Utilizing the RAD52 TPM values, tumors were categorized into RAD52-high and RAD52-low groups, representing the top 25% and bottom 25% of samples.

To compare structural variants (SVs) and Indels in R-loop regions, we calculated the averaged SVs and Indels per Mbp for each sample. This calculation was performed using the formula: (Nsv + Nindel)/R-loop segment size * 1,000,000. Finally, an unpaired t-test with Welch’s correction was used to compare the levels of SVs and Indels in R-loop regions for RAD52-high and RAD52-low tumors.

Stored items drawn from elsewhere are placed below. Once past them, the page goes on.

text \<open>
  The pairs \<open>p n = (F (2n+3), F (2n+4))\<close> of consecutive Fibonacci numbers lie on the
  hyperbola \<open>y\<^sup>2 - x y - x\<^sup>2 = -1\<close> and approach the line \<open>y = \<phi> x\<close> inside the strip
  \<open>0 \<le> \<phi> x - y \<le> 1/3\<close>. The quadratic form \<open>y\<^sup>2 - x y - x\<^sup>2\<close> is positive on all
  differences \<open>p m - p n\<close>, so the polar form of \<open>p n\<close> is strictly maximised over the set
  at \<open>p n\<close>, and every \<open>p n\<close> is a vertex of the convex hull.

  Let \<open>A\<close> be the set of rows \<open>b\<close> in which every lattice point of the strip is some \<open>p n\<close>.
  The hull lies in the strip, hence meets \<open>A \<times> A\<close> only in the points \<open>p n\<close>. Lattice
  points of the strip in rows \<open>b\<close> and \<open>b + 1\<close> would give an integer \<open>k\<close> with
  \<open>-4/3 \<le> \<phi> k \<le> -2/3\<close>, so of two consecutive rows at least one meets the strip in no
  lattice point and belongs to \<open>A\<close>. Finally both coordinates of \<open>p n\<close> lie in \<open>A\<close>: row
  \<open>F (2n+4)\<close> meets the strip in the lattice point \<open>p n\<close> only, and row \<open>F (2n+3)\<close> in none.
\<close>

lemma extreme_point_of_convex_hull_strict_max:
  fixes c p :: "'a::real_inner"
  assumes "p \<in> S" and max: "\<And>q. q \<in> S \<Longrightarrow> q \<noteq> p \<Longrightarrow> c \<bullet> q < c \<bullet> p"
  shows "p extreme_point_of convex hull S"
proof (cases "S - {p} = {}")
  case True
  then have "S = {p}" using \<open>p \<in> S\<close> by auto
  then show ?thesis by simp
next
  case False
  have below: "convex hull (S - {p}) \<subseteq> {x. c \<bullet> x < c \<bullet> p}"
    using max by (intro hull_minimal) (auto simp: convex_halfspace_lt)
  have "c \<bullet> x \<le> c \<bullet> p \<and> (c \<bullet> x = c \<bullet> p \<longrightarrow> x = p)" if "x \<in> convex hull S" for x
  proof -
    from that have "x \<in> convex hull (insert p (S - {p}))"
      by (simp only: insert_Diff[OF \<open>p \<in> S\<close>])
    then obtain u v b where uv: "0 \<le> u" "0 \<le> v" "u + v = 1"
      and b: "b \<in> convex hull (S - {p})" and x: "x = u *\<^sub>R p + v *\<^sub>R b"
      unfolding convex_hull_insert[OF False] by blast
    have "u = 1 - v" using uv by simp
    have cx: "c \<bullet> x = c \<bullet> p - v * (c \<bullet> p - c \<bullet> b)"
      unfolding x \<open>u = 1 - v\<close> by (simp add: inner_add_right algebra_simps)
    have "c \<bullet> b < c \<bullet> p" using b below by auto
    show ?thesis
    proof (cases "v = 0")
      case True
      then show ?thesis using uv x by simp
    next
      case False
      then have "0 < v * (c \<bullet> p - c \<bullet> b)" using uv \<open>c \<bullet> b < c \<bullet> p\<close> by simp
      then have "c \<bullet> x < c \<bullet> p" using cx by linarith
      then show ?thesis by simp
    qed
  qed
  then show ?thesis
    using hull_inc[OF \<open>p \<in> S\<close>]
    by (intro extreme_point_of_Int_supporting_hyperplane_le[where a = c and b = "c \<bullet> p"]) auto
qed

definition rows_within :: "(real \<times> real) set \<Rightarrow> (real \<times> real) set \<Rightarrow> int set" where
  "rows_within R T = {b. \<forall>a. (of_int a, of_int b) \<in> R \<longrightarrow> (of_int a, of_int b) \<in> T}"

lemma convex_hull_Int_grid_rows_within:
  assumes "convex R" "T \<subseteq> R"
  shows "convex hull T \<inter> grid (rows_within R T) \<subseteq> T"
proof
  fix z assume z: "z \<in> convex hull T \<inter> grid (rows_within R T)"
  then obtain a b where "z = (of_int a, of_int b)" "b \<in> rows_within R T"
    by (auto simp: grid_def)
  moreover have "z \<in> R" using z assms hull_minimal by blast
  ultimately show "z \<in> T" by (simp add: rows_within_def)
qed

definition phi :: real where "phi = (1 + sqrt 5) / 2"

lemma phi_squared: "phi\<^sup>2 = phi + 1"
  by (simp add: phi_def power2_eq_square field_simps)

lemma phi_mult_phi: "phi * (phi * x) = phi * x + x"
  using phi_squared by (simp add: power2_eq_square algebra_simps flip: mult.assoc)

lemma phi_bounds: "1.6 < phi" "phi < 1.65"
proof -
  have "2.2 < sqrt 5" by (rule real_less_rsqrt) (simp add: power2_eq_square)
  moreover have "sqrt 5 < 2.3" by (rule real_less_lsqrt) (simp_all add: power2_eq_square)
  ultimately show "1.6 < phi" "phi < 1.65" unfolding phi_def by auto
qed
locale stopping_problem = prob_space M
  for M :: "'a measure" +
  fixes F :: "nat \<Rightarrow> 'a measure" and \<sigma> :: "'a \<Rightarrow> enat" and G :: "nat \<Rightarrow> 'a \<Rightarrow> real" and T :: nat
  assumes subalg: "\<And>t. subalgebra M (F t)"
    and filt: "\<And>s t. s \<le> t \<Longrightarrow> sets (F s) \<subseteq> sets (F t)"
    and stopping: "\<And>t. {\<omega> \<in> space M. \<sigma> \<omega> \<le> enat t} \<in> sets (F t)"
    and adapted: "\<And>t. G t \<in> borel_measurable (F t)"
    and integr: "integrable M (\<lambda>\<omega>. Max ((\<lambda>t. \<bar>G t \<omega>\<bar> * indicator (Dset M \<sigma> t) \<omega>) ` {..T}))"
begin

lemma sigma_finite_subalgebra_F: "sigma_finite_subalgebra M (F t)"
proof -
  interpret finite_measure_subalgebra M "F t"
    by unfold_locales (rule subalg)
  show ?thesis
    by (rule sigma_finite_subalgebra_axioms)
qed

lemma integrable_indicator_real: "A \<in> sets M \<Longrightarrow> integrable M (indicator A :: 'a \<Rightarrow> real)"
  by (rule integrable_const_bound[where B=1]) auto

lemma space_F [simp]: "space (F t) = space M"
  using subalg[of t] by (simp add: subalgebra_def)

lemma sets_F_subset: "sets (F t) \<subseteq> sets M"
  using subalg[of t] by (simp add: subalgebra_def)

lemma subalgebra_F_F: "s \<le> t \<Longrightarrow> subalgebra (F t) (F s)"
  using filt by (simp add: subalgebra_def)

lemma measurable_F_mono: "s \<le> t \<Longrightarrow> f \<in> borel_measurable (F s) \<Longrightarrow> f \<in> borel_measurable (F t)"
  by (rule measurable_from_subalg[OF subalgebra_F_F])

lemma measurable_F_M: "f \<in> borel_measurable (F t) \<Longrightarrow> f \<in> borel_measurable M"
  by (rule measurable_from_subalg[OF subalg])

lemma Dset_sets_F [measurable]: "Dset M \<sigma> t \<in> sets (F t)"
proof -
  have "Dset M \<sigma> t = space (F t) - {\<omega> \<in> space M. \<sigma> \<omega> \<le> enat t}"
    by (auto simp: Dset_def not_le)
  then show ?thesis
    using sets.compl_sets[OF stopping[of t]] by simp
qed

lemma Dset_sets [measurable]: "Dset M \<sigma> t \<in> sets M"
  using Dset_sets_F sets_F_subset by blast

lemma G_measurable [measurable]: "G t \<in> borel_measurable M"
  by (rule measurable_F_M[OF adapted])

lemma cprob_Dset_measurable: "cprob M (F s) (Dset M \<sigma> (Suc s)) \<in> borel_measurable (F t)"
  if "s \<le> t"
  unfolding cprob_def by (rule measurable_F_mono[OF that]) measurable

lemma less_Te_measurable [measurable]: "Measurable.pred (F t) (\<lambda>\<omega>. t < Te M F \<sigma> T \<omega>)"
proof -
  have [measurable]: "cprob M (F s) (Dset M \<sigma> (Suc s)) \<in> borel_measurable (F t)" if "s \<in> {..t}" for s
    using that by (intro cprob_Dset_measurable) simp
  have "Measurable.pred (F t) (\<lambda>\<omega>. t < T \<and> (\<forall>s\<in>{..t}. cprob M (F s) (Dset M \<sigma> (Suc s)) \<omega> \<noteq> 0))"
    by measurable
  then show ?thesis
    by (simp add: less_Te_iff)
qed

Image processing and data analysis

For PLA and S9.6, γH2AX experiments, slides were imaged at 60X (immersion oil) with Nikon spinning disk confocal microscope. PLA foci per nucleus, S9.6 and γH2AX foci per nucleus were calculated using Nikon Elements AR Analysis Explorer (version 5.21.03), where DAPI was used as a mask for the nucleus. The number of PLA foci, S9.6 foci, γH2AX foci was counted for each DAPI to obtain the average number of gH2AX foci in each condition.

Statistical analysis

Statistical analysis was carried out by unpaired two-tailed t-test (unless stated otherwise) using GraphPad Prism Version 10.2.1 for Windows (GraphPad Software, San Diego, CA, USA). All values are expressed as mean ± standard error of the mean (SEM). p-values <0.05 were considered statistically significant. ns: non-significant.

Reporting summary

Further information on research design is available in the Nature Portfolio Reporting Summary linked to this article.